Это наполняло ее спокойствием и уверенностью.
…Амфитрион протянул свободную руку, и Алкмена, сидящая рядом на низкой скамеечке, счастливо потерлась о его ладонь щекой.
– И еще Тефия десять дней назад родила, – подумав, сказала она, имея в виду одну из своих доверенных рабынь-финикиянок. – Девочку. Здоровую и горластую. Я у Тефии спрашиваю – от кого, мол? – а она смеется и не отвечает. Только что тут отвечать, когда девочка – вылитый Филид-караульщик! Одни ресницы Тефии, длиннющие… Я еще дивлюсь, что Филид все вокруг дома нашего околачивается!

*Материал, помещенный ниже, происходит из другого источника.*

lemma qform_reindex:
  assumes "bij_betw \<tau> {..<N} {..<N}"
  shows "qform N K f = qform N (\<lambda>i j. K (\<tau> i) (\<tau> j)) (f \<circ> \<tau>)"
proof -
  let ?G = "\<lambda>i j. cnj (f i) * K i j * f j"
  have "qform N K f = (\<Sum>i<N. \<Sum>j<N. ?G i (\<tau> j))"
    unfolding qform_def by (intro sum.cong refl sum.reindex_bij_betw[OF assms, symmetric])
  also have "\<dots> = (\<Sum>i<N. \<Sum>j<N. ?G (\<tau> i) (\<tau> j))"
    by (rule sum.reindex_bij_betw[OF assms, symmetric])
  finally show ?thesis
    by (simp add: qform_def)
qed

lemma form_nonneg_congruence:
  fixes \<rho> :: "nat \<Rightarrow> real" and K K' :: "nat \<Rightarrow> nat \<Rightarrow> complex"
  assumes "bij_betw \<tau> {..<N} {..<N}"
    and "\<And>i j. i < N \<Longrightarrow> j < N \<Longrightarrow> K' (\<tau> i) (\<tau> j) = of_real (\<rho> i * \<rho> j) * K i j"
    and "form_nonneg N K"
  shows "form_nonneg N K'"
  unfolding form_nonneg_def
proof
  fix f
  have "qform N K' f = qform N (\<lambda>i j. K' (\<tau> i) (\<tau> j)) (f \<circ> \<tau>)"
    by (rule qform_reindex[OF assms(1)])
  also have "\<dots> = qform N K (\<lambda>i. \<rho> i * f (\<tau> i))"
    unfolding qform_def using assms(2) by (intro sum.cong) (auto simp: algebra_simps)
  finally show "0 \<le> Re (qform N K' f)"
    using assms(3) by (simp add: form_nonneg_def)
qed
(* For every classical Poincaré-invariant system with timelike future-directed four-momentum, the Newton–Wigner position observable $$\chi^{\mathrm{NW}}_\mu(u,\tau)=-\frac{J_{\mu\rho}\big(u^\rho+\frac{P^\rho}{mc}\big)}{mc-u\cdot P}+\frac{\tau P_\mu}{(-u\cdot P)}-\frac{J_{\lambda\rho}u^\lambda P^\rho}{mc(mc-u\cdot P)}\frac{P_\mu}{(-u\cdot P)}$$ is a centre of spin position observable.
   Context: Minkowski spacetime: affine space $M$ over a 4-dimensional real vector space $V$ with metric $\eta$ of signature $(-,+,+,+)$, fixed orientation and time orientation, fixed origin identifying $M$ with $V$. $u\cdot v:=\eta(u,v)$, indices lowered/raised with $\eta$; $\varepsilon$ is the volume form with $\varepsilon_{0123}=+1$ in positively oriented orthonormal bases; $c>0$. $\mathsf{SpHP}$ is the set of spacelike hyperplanes, each identified with $(u,\tau)$, $u$ future-directed unit timelike normal, $\Sigma=\{x:u\cdot x=-\tau\}$. A classical Poincaré-invariant system has phase-space functions $P_\mu$ (four-momentum) and $J_{\mu\nu}=-J_{\nu\mu}$ (angular momentum about the origin); $m=\sqrt{-P\cdot P}/c$. A position observable is a map $\chi\colon\mathsf{SpHP}\times\Gamma\to M$ with $u_\mu\chi^\mu(u,\tau)=-\tau$ and $\partial\chi_\mu(u,\tau)/\partial\tau=P_\mu/(-u\cdot P)$; its spin tensor is $S(u)_{\mu\nu}=J_{\mu\nu}-\chi_\mu(u,\tau)P_\nu+\chi_\nu(u,\tau)P_\mu$. Pauli–Lubański vector $W_\mu=-\tfrac12\varepsilon_{\mu\nu\rho\sigma}P^\nu J^{\rho\sigma}$; spin vector in frame $u$: $s(u)=B(u)W/(mc)$ with $B^\mu{}_\nu(u)=\delta^\mu_\nu+\frac{(P^\mu/(mc)+u^\mu)(P_\nu/(mc)+u_\nu)}{1-u\cdot P/(mc)}-2\frac{u^\mu P_\nu}{mc}$. A position observable is a centre of spin if $s_\mu(u)=-\tfrac12\varepsilon_{\mu\nu\rho\sigma}u^\nu S^{\rho\sigma}(u)$ for all $(u,\tau)$ and all phase-space points. *)

theory Defs
  imports "HOL-Analysis.Analysis"
begin

text \<open>Minkowski space identified (via a positively oriented, time-oriented orthonormal
basis e_0,...,e_3, e_0 future-directed timelike) with real^4.  A vector x :: real^4 is stored
by its contravariant components x^mu; a rank-2 tensor T :: real^4^4 stored as T $ mu $ nu.\<close>

definition eta :: "4 \<Rightarrow> real" where
  "eta i = (if i = 0 then -1 else 1)"

definition mdot :: "real^4 \<Rightarrow> real^4 \<Rightarrow> real" where
  "mdot x y = (\<Sum>i\<in>UNIV. eta i * x $ i * y $ i)"

text \<open>index lowering / raising (eta is its own inverse)\<close>
definition lower :: "real^4 \<Rightarrow> real^4" where
  "lower x = (\<chi> i. eta i * x $ i)"

definition raise :: "real^4 \<Rightarrow> real^4" where
  "raise x = (\<chi> i. eta i * x $ i)"

definition raise2 :: "real^4^4 \<Rightarrow> real^4^4" where
  "raise2 T = (\<chi> i j. eta i * eta j * T $ i $ j)"

text \<open>volume form, epsilon_{0123} = +1 (lower indices)\<close>
definition eps :: "4 \<Rightarrow> 4 \<Rightarrow> 4 \<Rightarrow> 4 \<Rightarrow> real" where
  "eps a b c d = det (vector [axis a 1, axis b 1, axis c 1, axis d 1] :: real^4^4)"

definition future_unit :: "real^4 \<Rightarrow> bool" where
  "future_unit u \<longleftrightarrow> mdot u u = -1 \<and> u $ 0 > 0"

definition future_timelike :: "real^4 \<Rightarrow> bool" where
  "future_timelike p \<longleftrightarrow> mdot p p < 0 \<and> p $ 0 > 0"

definition antisym_tensor :: "real^4^4 \<Rightarrow> bool" where
  "antisym_tensor T \<longleftrightarrow> (\<forall>i j. T $ i $ j = - T $ j $ i)"

definition mass :: "real \<Rightarrow> real^4 \<Rightarrow> real" where
  "mass c p = sqrt (- mdot p p) / c"

text \<open>Position observable: chi u tau g is the (contravariant) point of M for the
hyperplane (u,tau) at phase-space point g.  P g contravariant four-momentum.\<close>
definition position_observable ::
  "('g \<Rightarrow> real^4) \<Rightarrow> (real^4 \<Rightarrow> real \<Rightarrow> 'g \<Rightarrow> real^4) \<Rightarrow> bool" where
  "position_observable P chi \<longleftrightarrow>
     (\<forall>u \<tau> g. future_unit u \<longrightarrow>
        mdot u (chi u \<tau> g) = - \<tau> \<and>
        ((\<lambda>t. lower (chi u t g)) has_vector_derivative
            ((1 / (- mdot u (P g))) *\<^sub>R lower (P g))) (at \<tau>))"
(* Consider the $K$-class system with class-wise distributions described in the context, with constants $\bar M_R,\bar L_R,\bar L_P,\bar L_Q>0$ and $\gamma\in[0,1)$. Let $\mathbf x_0^{\mathbf N}$ be initial states and $\bar{\boldsymbol\mu}_0\in\mathcal P^K(\mathcal X)$ their class-wise empirical distribution, let $\theta_k=N_k/N_{\mathrm{pop}}$ and $\boldsymbol\theta_M^{-1}=\max_{k\in[K]}\theta_k^{-1}$, and define $\bar C_R(\boldsymbol\theta)=\bar M_R+\bar L_R\boldsymbol\theta_M^{-1}$, $\bar C_P(\boldsymbol\theta)=2+\bar L_P\boldsymbol\theta_M^{-1}$, $\bar S_R(\boldsymbol\theta)=\bar M_R(1+\bar L_Q\boldsymbol\theta_M^{-1})+\bar L_R\boldsymbol\theta_M^{-1}(2+\bar L_Q\boldsymbol\theta_M^{-1})$, $\bar S_P(\boldsymbol\theta)=(1+\bar L_Q\boldsymbol\theta_M^{-1})+\bar L_P\boldsymbol\theta_M^{-1}(2+\bar L_Q\boldsymbol\theta_M^{-1})$. If $\gamma\bar S_P(\boldsymbol\theta)<1$, then for every $\bar{\boldsymbol\pi}\in\bar\Pi$, $$\Big|\bar v^{\mathbf N}(\mathbf x_0^{\mathbf N},\bar{\boldsymbol\pi})-\bar v^{\mathrm{MF}}(\bar{\boldsymbol\mu}_0,\bar{\boldsymbol\pi})\Big|\le\frac{\bar C_R(\boldsymbol\theta)}{1-\gamma}\sqrt{|\mathcal U|}\frac1{N_{\mathrm{pop}}}\Big(\sum_k\sqrt{N_k}\Big)+\bar C_P(\boldsymbol\theta)\Big(\frac{\bar S_R(\boldsymbol\theta)}{\bar S_P(\boldsymbol\theta)-1}\Big)\sqrt{|\mathcal X||\mathcal U|}\frac1{N_{\mathrm{pop}}}\Big(\sum_k\sqrt{N_k}\Big)\Big[\frac1{1-\gamma\bar S_P(\boldsymbol\theta)}-\frac1{1-\gamma}\Big].$$
   Context: Fix integers $K\ge1$, $N_1,\dots,N_K\ge1$, $[K]=\{1,\dots,K\}$, $N_{\mathrm{pop}}=\sum_kN_k$, finite sets $\mathcal X,\mathcal U$. $\mathcal P(A)$ denotes probability distributions on $A$; $\mathcal P^K(A)=\mathcal P(A)^K$ with elements written $\bar{\boldsymbol\mu}(\cdot,k)$ and $|\bar{\boldsymbol\mu}|_1=\sum_k\sum_a|\bar{\boldsymbol\mu}(a,k)|$. Agent $j\in[N_k]$ of class $k$ has state $x_{j,k}^t$, action $u_{j,k}^t$; $\bar{\boldsymbol\mu}_t^{\mathbf N}(x,k)=\frac1{N_k}\sum_{j}\mathbf 1(x_{j,k}^t=x)$, $\bar{\boldsymbol\nu}_t^{\mathbf N}(u,k)=\frac1{N_k}\sum_j\mathbf 1(u_{j,k}^t=u)$. For each $k$: $\bar r_k:\mathcal X\times\mathcal U\times\mathcal P^K(\mathcal X)\times\mathcal P^K(\mathcal U)\to\mathbb R$, $\bar P_k:\mathcal X\times\mathcal U\times\mathcal P^K(\mathcal X)\times\mathcal P^K(\mathcal U)\to\mathcal P(\mathcal X)$ with $|\bar r_k|\le\bar M_R$, $|\bar r_k(x,u,\bar{\boldsymbol\mu}_1,\bar{\boldsymbol\nu}_1)-\bar r_k(x,u,\bar{\boldsymbol\mu}_2,\bar{\boldsymbol\nu}_2)|\le\bar L_R(|\bar{\boldsymbol\mu}_1-\bar{\boldsymbol\mu}_2|_1+|\bar{\boldsymbol\nu}_1-\bar{\boldsymbol\nu}_2|_1)$, $|\bar P_k(x,u,\bar{\boldsymbol\mu}_1,\bar{\boldsymbol\nu}_1)-\bar P_k(x,u,\bar{\boldsymbol\mu}_2,\bar{\boldsymbol\nu}_2)|_1\le\bar L_P(|\bar{\boldsymbol\mu}_1-\bar{\boldsymbol\mu}_2|_1+|\bar{\boldsymbol\nu}_1-\bar{\boldsymbol\nu}_2|_1)$. A policy $\bar{\boldsymbol\pi}=\{\bar{\boldsymbol\pi}_t\}_{t\ge0}$, $\bar{\boldsymbol\pi}_t=(\bar\pi_k^t)_k$, has decision rules $\bar\pi_k^t:\mathcal X\times\mathcal P^K(\mathcal X)\to\mathcal P(\mathcal U)$; $\bar\Pi$ is the set of policies with $|\bar\pi_k^t(x,\bar{\boldsymbol\mu}_1)-\bar\pi_k^t(x,\bar{\boldsymbol\mu}_2)|_1\le\bar L_Q|\bar{\boldsymbol\mu}_1-\bar{\boldsymbol\mu}_2|_1$. Dynamics: conditioned on all states, actions independent with $u_{j,k}^t\sim\bar\pi_k^t(x_{j,k}^t,\bar{\boldsymbol\mu}_t^{\mathbf N})$; conditioned on states and actions, next states independent with $x_{j,k}^{t+1}\sim\bar P_k(x_{j,k}^t,u_{j,k}^t,\bar{\boldsymbol\mu}_t^{\mathbf N},\bar{\boldsymbol\nu}_t^{\mathbf N})$. $\bar v^{\mathbf N}(\mathbf x_0^{\mathbf N},\bar{\boldsymbol\pi})=\frac1{N_{\mathrm{pop}}}\sum_k\sum_j\mathbb E[\sum_{t\ge0}\gamma^t\bar r_k(x_{j,k}^t,u_{j,k}^t,\bar{\boldsymbol\mu}_t^{\mathbf N},\bar{\boldsymbol\nu}_t^{\mathbf N})]$. Mean-field: $\bar\nu^{\mathrm{MF}}(\bar{\boldsymbol\mu},\bar{\boldsymbol\pi})(u,k)=\sum_x\bar\pi_k(x,\bar{\boldsymbol\mu})(u)\bar{\boldsymbol\mu}(x,k)$, $\bar P^{\mathrm{MF}}(\bar{\boldsymbol\mu},\bar{\boldsymbol\pi})(x',k)=\sum_{x,u}\bar{\boldsymbol\mu}(x,k)\bar\pi_k(x,\bar{\boldsymbol\mu})(u)\bar P_k(x,u,\bar{\boldsymbol\mu},\bar\nu^{\mathrm{MF}}(\bar{\boldsymbol\mu},\bar{\boldsymbol\pi}))(x')$, $\bar r_k^{\mathrm{MF}}(\bar{\boldsymbol\mu},\bar{\boldsymbol\pi})=\sum_{x,u}\bar{\boldsymbol\mu}(x,k)\bar\pi_k(x,\bar{\boldsymbol\mu})(u)\bar r_k(x,u,\bar{\boldsymbol\mu},\bar\nu^{\mathrm{MF}}(\bar{\boldsymbol\mu},\bar{\boldsymbol\pi}))$; with $\bar{\boldsymbol\mu}_{t+1}=\bar P^{\mathrm{MF}}(\bar{\boldsymbol\mu}_t,\bar{\boldsymbol\pi}_t)$, $\bar v^{\mathrm{MF}}(\bar{\boldsymbol\mu}_0,\bar{\boldsymbol\pi})=\sum_k\theta_k\sum_{t\ge0}\gamma^t\bar r_k^{\mathrm{MF}}(\bar{\boldsymbol\mu}_t,\bar{\boldsymbol\pi}_t)$. *)

theory Defs
  imports "HOL-Probability.Probability"
begin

– Бедная девочка, – пробормотал Амфитрион, с трудом припомнив обросшую физиономию Филида-караульщика. – Чем она богов-то прогневала? Дать, что ли, твоей Тефии вольную? – пусть Филид ее замуж берет…
Алкмена отломила от лепешки кусочек, повертела в пальцах, но есть не стала.
– Не надо, – усмехнулась она. – Я Тефии уже говорила – хочешь вольную? Так она в крик! За что, мол, гоните, госпожа, пропаду я без вас, лучше плетей дайте, если есть вина моя… Еле успокоила. А то от плача молоко горкнет. Ну вот, кажется, и все. Ничего больше не случалось. А как у тебя дела с палестрой?
– Отлично, – Амфитрион облизал медовые усы и незаметно поморщился. – Креонт расщедрился – небось видение ему было! Две трети расходов на себя берет. Стадион, бассейн, гимнасий крытый… пусть Микены завидуют!
– Пусть завидуют, – согласилась Алкмена, зная, что видением Креонта была его собственная жена Навсикая, с которой Алкмена не раз уже успела переговорить по поводу палестры. – А когда управитесь?
– Да не раньше чем через год. В лучшем случае, к следующей осени.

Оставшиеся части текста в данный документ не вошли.